## RECORDED DATA
(* Let $p,d\ge 1$ be integers and let $0<u\le v$ be real numbers with $uv=1$. Let $W\in\mathbb{R}^{p\times d}$ and $\Omega_c\in\mathbb{S}_{++}^d$ be fixed, and let $W\Omega_cW^T$ be eigendecomposed as $Q\,\mathrm{diag}(\mathbf{r})\,Q^T$ with $Q$ orthogonal and $\mathbf{r}\in\mathbb{R}^p$. Then an optimal solution of the problem \[ \min_{\Omega_r}\ \operatorname{tr}(\Omega_r W\Omega_c W^T) - d\log\det(\Omega_r)\quad\text{subject to}\quad uI_p\preceq \Omega_r\preceq vI_p \] is given by $Q\,\mathrm{diag}\big(\mathbb{T}_{[u,v]}(d/\mathbf{r})\big)\,Q^T$.
   Context: $\mathbb{S}_{++}^d$ denotes real symmetric positive definite $d\times d$ matrices and $\preceq$ the Loewner order; the optimization is over symmetric positive definite $\Omega_r$. The thresholding function is $\mathbb{T}_{[u,v]}(x)=\max\{u,\min\{v,x\}\}$, and $\mathbb{T}_{[u,v]}(d/\mathbf{r})$ is the vector whose $i$-th entry is $\mathbb{T}_{[u,v]}(d/r_i)$ (with the convention $d/0=+\infty$, so that a zero eigenvalue is mapped to $v$). *)

theory Defs
  imports "HOL-Analysis.Analysis"
begin

definition symmetric_mat :: "real^'n^'n \<Rightarrow> bool" where
  "symmetric_mat A \<longleftrightarrow> transpose A = A"

definition pos_semidef :: "real^'n^'n \<Rightarrow> bool" where
  "pos_semidef A \<longleftrightarrow> symmetric_mat A \<and> (\<forall>x. 0 \<le> x \<bullet> (A *v x))"

definition pos_def :: "real^'n^'n \<Rightarrow> bool" where
  "pos_def A \<longleftrightarrow> symmetric_mat A \<and> (\<forall>x. x \<noteq> 0 \<longrightarrow> 0 < x \<bullet> (A *v x))"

## WORK REQUIRED
Check each line of the material for the word "times". Copy the ones that have it.

## ANSWER TO THIS TASK
(* Let $p,d\ge 1$ be integers and let $0<u\le v$ be real numbers with $uv=1$. Let $W\in\mathbb{R}^{p\times d}$ and $\Omega_c\in\mathbb{S}_{++}^d$ be fixed, and let $W\Omega_cW^T$ be eigendecomposed as $Q\,\mathrm{diag}(\mathbf{r})\,Q^T$ with $Q$ orthogonal and $\mathbf{r}\in\mathbb{R}^p$. Then an optimal solution of the problem \[ \min_{\Omega_r}\ \operatorname{tr}(\Omega_r W\Omega_c W^T) - d\log\det(\Omega_r)\quad\text{subject to}\quad uI_p\preceq \Omega_r\preceq vI_p \] is given by $Q\,\mathrm{diag}\big(\mathbb{T}_{[u,v]}(d/\mathbf{r})\big)\,Q^T$.
   Context: $\mathbb{S}_{++}^d$ denotes real symmetric positive definite $d\times d$ matrices and $\preceq$ the Loewner order; the optimization is over symmetric positive definite $\Omega_r$. The thresholding function is $\mathbb{T}_{[u,v]}(x)=\max\{u,\min\{v,x\}\}$, and $\mathbb{T}_{[u,v]}(d/\mathbf{r})$ is the vector whose $i$-th entry is $\mathbb{T}_{[u,v]}(d/r_i)$ (with the convention $d/0=+\infty$, so that a zero eigenvalue is mapped to $v$). *)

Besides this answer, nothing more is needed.